🤖 AI Summary
Multi-page document understanding demands fine-grained cross-page visual perception and multi-hop reasoning—capabilities inadequately supported by current multimodal large language models (MLLMs). To address this, we propose EviGRPO, a framework guided by evidence pages that integrates an evidence-aware reward mechanism and a two-stage annotation pipeline, progressively optimizing from coarse-grained page localization to fine-grained reasoning via curriculum learning. We further introduce EviBench, a high-quality training dataset, and ArxivFullQA—the first long-document question answering benchmark featuring full-length academic papers.
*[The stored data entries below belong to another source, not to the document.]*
lemma nice_cycleI:
  assumes matching: "perfect_matching V E M" and cycle: "is_cycle V E vs"
    and covered: "\<And>v. v \<in> set vs \<Longrightarrow> \<exists>e\<in>M. v \<in> e \<and> e \<subseteq> set vs"
  shows "nice_cycle V E vs"
proof -
  have VC: "set vs \<subseteq> V"
    using cycle unfolding is_cycle_iff by blast
  have disjoint: "e \<inter> set vs = {}" if "e \<in> M" "v \<in> e" "v \<notin> set vs" for e v
  proof (rule ccontr)
    assume "e \<inter> set vs \<noteq> {}"
    then obtain w where w: "w \<in> e" "w \<in> set vs" by blast
    then obtain e' where "e' \<in> M" "w \<in> e'" "e' \<subseteq> set vs"
      using covered by blast
    then have "e = e'"
      using perfect_matching_edge_unique[OF matching _ that(1) w(1)] w(2) VC by blast
    then show False
      using that \<open>e' \<subseteq> set vs\<close> by blast
  qed
  have "perfect_matching (V - set vs) {e \<in> E. e \<inter> set vs = {}} {e \<in> M. e \<inter> set vs = {}}"
    unfolding perfect_matching_def
  proof (intro conjI ballI)
    show "{e \<in> M. e \<inter> set vs = {}} \<subseteq> {e \<in> E. e \<inter> set vs = {}}"
      using perfect_matching_subset[OF matching] by blast
  next
    fix v assume v: "v \<in> V - set vs"
    obtain e where e: "e \<in> M" "v \<in> e"
      using perfect_matching_edge_exists[OF matching] v by blast
    show "\<exists>!e. e \<in> {e \<in> M. e \<inter> set vs = {}} \<and> v \<in> e"
    proof (rule ex1I)
      show "e \<in> {e \<in> M. e \<inter> set vs = {}} \<and> v \<in> e"
        using disjoint e v by blast
    qed (use e v perfect_matching_edge_unique[OF matching] in blast)
  qed
  then show ?thesis
    unfolding nice_cycle_def using cycle by blast
qed

lemma alternating_cycle_nice:
  assumes matching: "perfect_matching V E M" and alternating: "alternating_cycle V E M M' vs"
  shows "nice_cycle V E vs"
  using matching
proof (rule nice_cycleI)
  show cycle: "is_cycle V E vs"
    using alternating unfolding alternating_cycle_def by blast
  fix v assume "v \<in> set vs"
  then obtain i where i: "i < length vs" "v = vs ! i"
    by (auto simp: in_set_conv_nth)
  define j where "j = (if even i then i else i - 1)"
  have j: "j < length vs" "even j" "v \<in> cycle_edge vs j"
    using i unfolding j_def cycle_edge_def by auto
  then show "\<exists>e\<in>M. v \<in> e \<and> e \<subseteq> set vs"
    using alternating cycle_edge_subset[OF j(1)] unfolding alternating_cycle_def
    by (metis DiffD1)
qed

lemma inj_funpow_period:
  assumes "inj f" "finite (range (\<lambda>n. (f ^^ n) x))"
  obtains k where "0 < k" "(f ^^ k) x = x" "inj_on (\<lambda>i. (f ^^ i) x) {..<k}"
proof -
  have "finite {y. \<exists>n. y = (f ^^ n) x}"
    using assms(2) by (simp add: full_SetCompr_eq)
  then have "\<exists>k. 0 < k \<and> (f ^^ k) x = x"
    using funpow_inj_finite[OF assms(1)] by metis
  define k where "k = (LEAST k. 0 < k \<and> (f ^^ k) x = x)"
  have k: "0 < k" "(f ^^ k) x = x"
    using LeastI_ex[OF \<open>\<exists>k. _\<close>] unfolding k_def by blast+
  have "inj_on (\<lambda>i. (f ^^ i) x) {0..<k}"
    by (rule inj_on_funpow_least[OF k(2)]) (use not_less_Least in \<open>auto simp: k_def\<close>)
  then show ?thesis
    using that k by (simp add: atLeast0LessThan)
qed

locale two_perfect_matchings =
  fixes blk :: "'a \<Rightarrow> bool" and V :: "'a set" and E M M' :: "'a set set"
  assumes finite_V: "finite V" and bipartite: "bipartite_colouring blk V E"
    and matching: "perfect_matching V E M" and matching': "perfect_matching V E M'"
begin

definition alt_succ :: "'a \<Rightarrow> 'a" where
  "alt_succ = mate M' \<circ> mate M"

lemma inj_alt_succ: "inj alt_succ"
  unfolding alt_succ_def
  using inj_mate[OF matching' bipartite] inj_mate[OF matching bipartite] by (rule inj_compose)

lemma alt_succ_in_V: "x \<in> V \<Longrightarrow> alt_succ x \<in> V"
  and alt_succ_colour: "x \<in> V \<Longrightarrow> blk (alt_succ x) = blk x"
  using mate_edge[OF matching bipartite] mate_edge[OF matching' bipartite]
  by (auto simp: alt_succ_def)

lemma funpow_alt_succ:
  assumes "x \<in> V"
  shows "(alt_succ ^^ i) x \<in> V \<and> blk ((alt_succ ^^ i) x) = blk x"
  by (induction i) (simp_all add: assms alt_succ_in_V alt_succ_colour)

lemma alt_succ_fixed_iff:
  assumes "x \<in> V"
  shows "alt_succ x = x \<longleftrightarrow> {x, mate M x} \<in> M'"
proof
  assume "alt_succ x = x"
  then have "mate M x = mate M' x"
    using mate_mate[OF matching' bipartite] by (metis alt_succ_def comp_apply)
  then show "{x, mate M x} \<in> M'"
    using mate_edge(1)[OF matching' bipartite assms] by simp
next
  assume "{x, mate M x} \<in> M'"
  then have "mate M' x = mate M x"
    by (rule mate_eqI[OF matching' bipartite assms])
  then show "alt_succ x = x"
    using mate_mate[OF matching' bipartite] by (metis alt_succ_def comp_apply)
qed

definition alt_walk :: "'a \<Rightarrow> nat \<Rightarrow> 'a" where
  "alt_walk v j =
     (if even j then (alt_succ ^^ (j div 2)) v else mate M ((alt_succ ^^ (j div 2)) v))"

lemma alt_walk_Suc:
  "alt_walk v (Suc j) = (if even j then mate M (alt_walk v j) else mate M' (alt_walk v j))"
proof (cases "even j")
  case False
  then have "Suc j div 2 = Suc (j div 2)"
    by presburger
  then show ?thesis
    using False by (simp add: alt_walk_def alt_succ_def)
qed (simp add: alt_walk_def)

context
  fixes v assumes v: "v \<in> V"
begin

lemma alt_walk_in_V: "alt_walk v j \<in> V"
  using funpow_alt_succ[OF v] mate_edge(2)[OF matching bipartite] by (simp add: alt_walk_def)

lemma alt_walk_colour: "blk (alt_walk v j) \<longleftrightarrow> (blk v \<longleftrightarrow> even j)"
  using funpow_alt_succ[OF v] mate_edge(3)[OF matching bipartite] by (auto simp: alt_walk_def)

lemma alt_walk_edge:
  "{alt_walk v j, alt_walk v (Suc j)} \<in> (if even j then M else M')"
  using mate_edge(1)[OF matching bipartite alt_walk_in_V] mate_edge(1)[OF matching' bipartite alt_walk_in_V]
  by (simp add: alt_walk_Suc)
text \<open>Fix a world and a moment where \<open>\<phi>\<close> fails and index the orbit of that moment by the
  integers. At each time the types (sets of subformulas true at a world) form a chain under
  inclusion. As there are finitely many sets of types, a pigeonhole argument yields windows
  \<open>0 \<le> A \<le> B\<close> and \<open>C < E \<le> 0\<close> such that time \<open>B + 1\<close> carries the same types as \<open>A\<close>, time \<open>C\<close>
  the same as \<open>E\<close>, and every type at \<open>A\<close> (resp. \<open>E\<close>) is realised by a world that fulfils all
  its pending future (resp. past) eventualities inside the window. The quasimodel has one point
  per type occurring at a time in \<open>[C, B]\<close>, ordered by reverse inclusion, with \<open>R\<close> linking
  types realised by one world at consecutive times and two back edges closing the lasso.
  Linearity of the model gives confluence and convexity, the windows give \<open>\<omega>\<close>-sensibility,
  and strict chains shrink the type, so the height is at most \<open>|\<Sigma>| + 1\<close>.\<close>

lemma subf_refl [simp]: "\<psi> \<in> subf \<psi>"
  by (cases \<psi>) auto

lemma subf_trans: "\<psi> \<in> subf \<phi> \<Longrightarrow> \<chi> \<in> subf \<psi> \<Longrightarrow> \<chi> \<in> subf \<phi>"
  by (induction \<phi>) auto

lemma finite_subf: "finite (subf \<phi>)"
  by (induction \<phi>) auto

lemma subf_closed:
  "And a b \<in> subf \<phi> \<Longrightarrow> a \<in> subf \<phi> \<and> b \<in> subf \<phi>"
  "Or a b \<in> subf \<phi> \<Longrightarrow> a \<in> subf \<phi> \<and> b \<in> subf \<phi>"
  "Imp a b \<in> subf \<phi> \<Longrightarrow> a \<in> subf \<phi> \<and> b \<in> subf \<phi>"
  "Coimp a b \<in> subf \<phi> \<Longrightarrow> a \<in> subf \<phi> \<and> b \<in> subf \<phi>"
  "Until a b \<in> subf \<phi> \<Longrightarrow> a \<in> subf \<phi> \<and> b \<in> subf \<phi>"
  "Since a b \<in> subf \<phi> \<Longrightarrow> a \<in> subf \<phi> \<and> b \<in> subf \<phi>"
  "Next a \<in> subf \<phi> \<Longrightarrow> a \<in> subf \<phi>"
  "Prev a \<in> subf \<phi> \<Longrightarrow> a \<in> subf \<phi>"
  "Always a \<in> subf \<phi> \<Longrightarrow> a \<in> subf \<phi>"
  "Hist a \<in> subf \<phi> \<Longrightarrow> a \<in> subf \<phi>"
  by (auto intro: subf_trans)
(* Let $Q\in\mathcal N$ be an intrinsic vanishing point and $z$ a local holomorphic coordinate with $z(Q)=0$ and metric $h(z,\bar z)dz\,d\bar z$. Expand $-\frac{h_z}{h}=c_0+c_1\bar z+c_2z+c_3z^2+c_4\bar z^2+c_5z\bar z+O(|z|^3)$, let $\gamma_1=-c_0/2$, and set $\nu_2=c_5-2\gamma_1c_1$, $\nu_3=c_4-c_1\bar\gamma_1$. Then $\nu_2=\nu_3=0$. Consequently the normal-form coordinate $w=z+\gamma_1z^2+\gamma_2z^3+\gamma_3z^4$ (with $\gamma_2,\gamma_3$ determined by $c_2+2\gamma_1c_0+6\gamma_2=0$, $12\gamma_3+c_3+2\gamma_1c_2+3\gamma_2c_0=0$) of a solution of the Schrödinger map flow satisfies $i\partial_tw+\partial_x^2w=c_1\bar w(\partial_xw)^2+O(|w|^3)(\partial_xw)^2$.
   Context: $Q$ is an intrinsic vanishing point if $[\ln h]_z(0)[\ln h]_{z\bar z}(0)-[\ln h]_{z\bar zz}(0)=0$ (Wirtinger derivatives). In the coordinate $z$ the 1D Schrödinger map flow reads $i\partial_tz+\partial_x^2z=-\frac{h_z}{h}(\partial_xz)^2$ (convention $J=$ multiplication by $i$; the paper writes the right side with the opposite sign). *)

theory Defs
  imports "HOL-Analysis.Analysis"
begin

definition wirt_z :: "(complex \<Rightarrow> complex) \<Rightarrow> complex \<Rightarrow> complex" where
  "wirt_z f z = (frechet_derivative f (at z) 1 - \<i> * frechet_derivative f (at z) \<i>) / 2"

definition wirt_zb :: "(complex \<Rightarrow> complex) \<Rightarrow> complex \<Rightarrow> complex" where
  "wirt_zb f z = (frechet_derivative f (at z) 1 + \<i> * frechet_derivative f (at z) \<i>) / 2"

fun Ck_on :: "nat \<Rightarrow> complex set \<Rightarrow> (complex \<Rightarrow> complex) \<Rightarrow> bool" where
  "Ck_on 0 S f = continuous_on S f"
| "Ck_on (Suc k) S f = ((\<forall>z\<in>S. f differentiable (at z)) \<and> Ck_on k S (wirt_z f) \<and> Ck_on k S (wirt_zb f))"

definition smooth_on :: "complex set \<Rightarrow> (complex \<Rightarrow> complex) \<Rightarrow> bool" where
  "smooth_on S f = (\<forall>k. Ck_on k S f)"

definition intrinsic_vanishing_at0 :: "(complex \<Rightarrow> real) \<Rightarrow> bool" where
  "intrinsic_vanishing_at0 h = (let L = (\<lambda>z. complex_of_real (ln (h z))) in
     wirt_z L 0 * wirt_zb (wirt_z L) 0 - wirt_z (wirt_zb (wirt_z L)) 0 = 0)"

definition pt :: "(real \<Rightarrow> real \<Rightarrow> complex) \<Rightarrow> real \<Rightarrow> real \<Rightarrow> complex" where
  "pt u t x = vector_derivative (\<lambda>s. u s x) (at t)"

definition px :: "(real \<Rightarrow> real \<Rightarrow> complex) \<Rightarrow> real \<Rightarrow> real \<Rightarrow> complex" where
  "px u t x = vector_derivative (\<lambda>y. u t y) (at x)"

text \<open>u is a solution of the 1D Schroedinger map flow (in the coordinate z, J = multiplication
by i) on the open set U, with values in S:  i u_t + u_xx = -(h_z/h)(u) (u_x)^2.\<close>

definition SM_solution ::
  "(complex \<Rightarrow> real) \<Rightarrow> complex set \<Rightarrow> (real \<times> real) set \<Rightarrow> (real \<Rightarrow> real \<Rightarrow> complex) \<Rightarrow> bool" where
  "SM_solution h S U u = (open U \<and> (\<forall>(t,x)\<in>U. u t x \<in> S
      \<and> (\<lambda>s. u s x) differentiable (at t)
      \<and> (\<lambda>y. u t y) differentiable (at x)
      \<and> (\<lambda>y. px u t y) differentiable (at x)
      \<and> \<i> * pt u t x + px (px u) t x
          = - (wirt_z (\<lambda>z. complex_of_real (h z)) (u t x) / complex_of_real (h (u t x)))
              * (px u t x)\<^sup>2))"

end

theory Submission
  imports Defs
begin
(* Let $W$ be a finite set and let $\preceq_1$ and $\preceq_2$ be total preorders on $W$. Then there is exactly one binary relation $\preceq_3$ on $W$ satisfying (RE1)–(RE3) with respect to $\preceq_1,\preceq_2$; consequently there is a unique revision operator $\circ$ (mapping pairs of total preorders to a relation $\preceq_1\circ\preceq_2=\preceq_3$) satisfying (RE1)–(RE3).
   Context: A total preorder on $W$ is a reflexive, transitive relation under which any two elements are comparable. For a preorder $\preceq_i$ write $\omega\prec_i\omega'$ iff $\omega\preceq_i\omega'$ and not $\omega'\preceq_i\omega$, and $\omega\sim_i\omega'$ iff $\omega\preceq_i\omega'$ and $\omega'\preceq_i\omega$; $\prec_i$ denotes the strict part $\{(x,y)\mid x\prec_i y\}$. The postulates for $\preceq_3=\preceq_1\circ\preceq_2$ are: (RE1) $\preceq_3$ is a total preorder; (RE2) $\prec_2\subseteq\prec_3$; (RE3) if $\omega\sim_2\omega'$, then $\omega\prec_3\omega'$ iff $\omega\prec_1\omega'$. *)

theory Defs
  imports Main
begin

definition total_preorder_on :: "'a set \<Rightarrow> 'a rel \<Rightarrow> bool" where
  "total_preorder_on W R \<longleftrightarrow>
     R \<subseteq> W \<times> W \<and> (\<forall>x\<in>W. (x, x) \<in> R) \<and> trans R \<and>
     (\<forall>x\<in>W. \<forall>y\<in>W. (x, y) \<in> R \<or> (y, x) \<in> R)"

definition strict_part :: "'a rel \<Rightarrow> 'a rel" where
  "strict_part R = {(x, y). (x, y) \<in> R \<and> (y, x) \<notin> R}"

definition RE1 :: "'a set \<Rightarrow> 'a rel \<Rightarrow> bool" where
  "RE1 W R3 \<longleftrightarrow> total_preorder_on W R3"

definition RE2 :: "'a rel \<Rightarrow> 'a rel \<Rightarrow> bool" where
  "RE2 R2 R3 \<longleftrightarrow> strict_part R2 \<subseteq> strict_part R3"

definition RE3 :: "'a rel \<Rightarrow> 'a rel \<Rightarrow> 'a rel \<Rightarrow> bool" where
  "RE3 R1 R2 R3 \<longleftrightarrow>
     (\<forall>w w'. (w, w') \<in> R2 \<and> (w', w) \<in> R2 \<longrightarrow>
        ((w, w') \<in> strict_part R3 \<longleftrightarrow> (w, w') \<in> strict_part R1))"

definition satisfies_RE :: "'a set \<Rightarrow> 'a rel \<Rightarrow> 'a rel \<Rightarrow> 'a rel \<Rightarrow> bool" where
  "satisfies_RE W R1 R2 R3 \<longleftrightarrow> RE1 W R3 \<and> RE2 R2 R3 \<and> RE3 R1 R2 R3"

end

theory Submission
  imports Defs
begin

text \<open>Postulates (RE2) and (RE3) fix the strict part of \<open>\<preceq>\<^sub>3\<close>: it is \<open>\<prec>\<^sub>2\<close>, refined
on the \<open>\<sim>\<^sub>2\<close>-classes by \<open>\<prec>\<^sub>1\<close>. A total preorder is determined by its strict part, so
(RE1) leaves no further freedom. Conversely, the lexicographic refinement of \<open>\<preceq>\<^sub>2\<close>
by \<open>\<preceq>\<^sub>1\<close> satisfies all three postulates.\<close>

lemma total_preorder_on_eq_if_strict_part_eq:
  assumes "total_preorder_on W R" "total_preorder_on W S"
    and "strict_part R = strict_part S"
  shows "R = S"
proof -
  have char: "R = {(x, y). x \<in> W \<and> y \<in> W \<and> (y, x) \<notin> strict_part R}"
    if "total_preorder_on W R" for R
    using that unfolding total_preorder_on_def strict_part_def by auto
  have "R = {(x, y). x \<in> W \<and> y \<in> W \<and> (y, x) \<notin> strict_part R}"
    by (rule char[OF assms(1)])
  also have "\<dots> = {(x, y). x \<in> W \<and> y \<in> W \<and> (y, x) \<notin> strict_part S}"
    by (simp only: assms(3))
  also have "\<dots> = S"
    by (rule char[OF assms(2), symmetric])
  finally show ?thesis .
qed

lemma strict_part_if_RE2_RE3:
  assumes "total_preorder_on W R2" "R3 \<subseteq> W \<times> W" "RE2 R2 R3" "RE3 R1 R2 R3"
  shows "strict_part R3 = strict_part R2 \<union> (strict_part R1 \<inter> R2 \<inter> R2\<inverse>)"
proof (intro equalityI subsetI)
  fix p assume p: "p \<in> strict_part R3"
  then obtain x y where [simp]: "p = (x, y)" and "x \<in> W" "y \<in> W"
    using assms(2) unfolding strict_part_def by blast
  then consider "(x, y) \<in> strict_part R2" | "(y, x) \<in> strict_part R2"
    | "(x, y) \<in> R2 \<inter> R2\<inverse>"
    using assms(1) unfolding total_preorder_on_def strict_part_def by blast
  then show "p \<in> strict_part R2 \<union> (strict_part R1 \<inter> R2 \<inter> R2\<inverse>)"
  proof cases
    case 2
    then have "(y, x) \<in> strict_part R3"
      using assms(3) unfolding RE2_def by blast
    with p show ?thesis
      unfolding strict_part_def by simp
  qed (use p assms(4) in \<open>auto simp: RE3_def\<close>)
next
  fix p assume "p \<in> strict_part R2 \<union> (strict_part R1 \<inter> R2 \<inter> R2\<inverse>)"
  then show "p \<in> strict_part R3"
    using assms(3,4) unfolding RE2_def RE3_def by auto
qed

lemma satisfies_RE_unique:
  assumes "total_preorder_on W R2"
    and "satisfies_RE W R1 R2 R3" "satisfies_RE W R1 R2 R3'"
  shows "R3 = R3'"
proof (rule total_preorder_on_eq_if_strict_part_eq)
  show "total_preorder_on W R3" "total_preorder_on W R3'"
    using assms(2,3) unfolding satisfies_RE_def RE1_def by auto
  then have "R3 \<subseteq> W \<times> W" "R3' \<subseteq> W \<times> W"
    unfolding total_preorder_on_def by auto
  with assms show "strict_part R3 = strict_part R3'"
    unfolding satisfies_RE_def by (metis strict_part_if_RE2_RE3)
qed

definition lex_refine :: "'a rel \<Rightarrow> 'a rel \<Rightarrow> 'a rel" where
  "lex_refine R1 R2 = {(x, y). (x, y) \<in> R2 \<and> ((y, x) \<notin> R2 \<or> (x, y) \<in> R1)}"

lemma trans_lex_refine:
  assumes "trans R1" "trans R2"
  shows "trans (lex_refine R1 R2)"
proof (rule transI)
  fix x y z
  assume xy: "(x, y) \<in> lex_refine R1 R2" and yz: "(y, z) \<in> lex_refine R1 R2"
  then have "(x, z) \<in> R2"
    using assms(2) unfolding lex_refine_def by (blast dest: transD)
  moreover have "(x, z) \<in> R1" if "(z, x) \<in> R2"
  proof -
    have "(y, x) \<in> R2" "(z, y) \<in> R2"
      using that xy yz assms(2) unfolding lex_refine_def by (blast dest: transD)+
    then have "(x, y) \<in> R1" "(y, z) \<in> R1"
      using xy yz unfolding lex_refine_def by auto
    then show ?thesis
      using assms(1) by (blast dest: transD)
  qed
  ultimately show "(x, z) \<in> lex_refine R1 R2"
    unfolding lex_refine_def by auto
qed

lemma total_preorder_on_lex_refine:
  assumes "total_preorder_on W R1" "total_preorder_on W R2"
  shows "total_preorder_on W (lex_refine R1 R2)"
  using assms trans_lex_refine[of R1 R2]
  unfolding total_preorder_on_def lex_refine_def by auto

lemma satisfies_RE_lex_refine:
  assumes "total_preorder_on W R1" "total_preorder_on W R2"
  shows "satisfies_RE W R1 R2 (lex_refine R1 R2)"
  using total_preorder_on_lex_refine[OF assms]
  unfolding satisfies_RE_def RE1_def RE2_def RE3_def strict_part_def lex_refine_def
  by auto

theorem theorem3:
  fixes W :: "'a set"
  assumes "finite W"
  shows "(\<forall>R1 R2. total_preorder_on W R1 \<and> total_preorder_on W R2 \<longrightarrow>
            (\<exists>!R3. satisfies_RE W R1 R2 R3))
       \<and> (\<exists>op :: 'a rel \<Rightarrow> 'a rel \<Rightarrow> 'a rel.
            \<forall>R1 R2. total_preorder_on W R1 \<and> total_preorder_on W R2 \<longrightarrow>
              satisfies_RE W R1 R2 (op R1 R2))
       \<and> (\<forall>op op' :: 'a rel \<Rightarrow> 'a rel \<Rightarrow> 'a rel.
            (\<forall>R1 R2. total_preorder_on W R1 \<and> total_preorder_on W R2 \<longrightarrow>
               satisfies_RE W R1 R2 (op R1 R2)) \<longrightarrow>
            (\<forall>R1 R2. total_preorder_on W R1 \<and> total_preorder_on W R2 \<longrightarrow>
               satisfies_RE W R1 R2 (op' R1 R2)) \<longrightarrow>
            (\<forall>R1 R2. total_preorder_on W R1 \<and> total_preorder_on W R2 \<longrightarrow>
               op R1 R2 = op' R1 R2))"
proof (intro conjI allI impI)
  fix R1 R2 :: "'a rel"
  assume "total_preorder_on W R1 \<and> total_preorder_on W R2"
  then show "\<exists>!R3. satisfies_RE W R1 R2 R3"
    using satisfies_RE_lex_refine satisfies_RE_unique by metis
next
  show "\<exists>op. \<forall>R1 R2. total_preorder_on W R1 \<and> total_preorder_on W R2 \<longrightarrow>
          satisfies_RE W R1 R2 (op R1 R2)"
    using satisfies_RE_lex_refine by blast
next
  fix op op' :: "'a rel \<Rightarrow> 'a rel \<Rightarrow> 'a rel" and R1 R2
  assume "\<forall>R1 R2. total_preorder_on W R1 \<and> total_preorder_on W R2 \<longrightarrow>
            satisfies_RE W R1 R2 (op R1 R2)"
    and "\<forall>R1 R2. total_preorder_on W R1 \<and> total_preorder_on W R2 \<longrightarrow>
            satisfies_RE W R1 R2 (op' R1 R2)"
    and "total_preorder_on W R1 \<and> total_preorder_on W R2"
  then show "op R1 R2 = op' R1 R2"
    using satisfies_RE_unique by blast
qed

end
Extensive experiments demonstrate that EviGRPO achieves state-of-the-art performance across multiple multi-page document benchmarks while maintaining competitive accuracy on single-page tasks, validating its generality and effectiveness.
📝 Abstract
Understanding multi-page documents poses a significant challenge for multimodal large language models (MLLMs), as it requires fine-grained visual comprehension and multi-hop reasoning across pages. While prior work has explored reinforcement learning (RL) for enhancing advanced reasoning in MLLMs, its application to multi-page document understanding remains underexplored. In this paper, we introduce DocR1, an MLLM trained with a novel RL framework, Evidence Page-Guided GRPO (EviGRPO). EviGRPO incorporates an evidence-aware reward mechanism that promotes a coarse-to-fine reasoning strategy, guiding the model to first retrieve relevant pages before generating answers. This training paradigm enables us to build high-quality models with limited supervision. To support this, we design a two-stage annotation pipeline and a curriculum learning strategy, based on which we construct two datasets: EviBench, a high-quality training set with 4.8k examples, and ArxivFullQA, an evaluation benchmark with 8.6k QA pairs based on scientific papers. Extensive experiments across a wide range of benchmarks demonstrate that DocR1 achieves state-of-the-art performance on multi-page tasks, while consistently maintaining strong results on single-page benchmarks.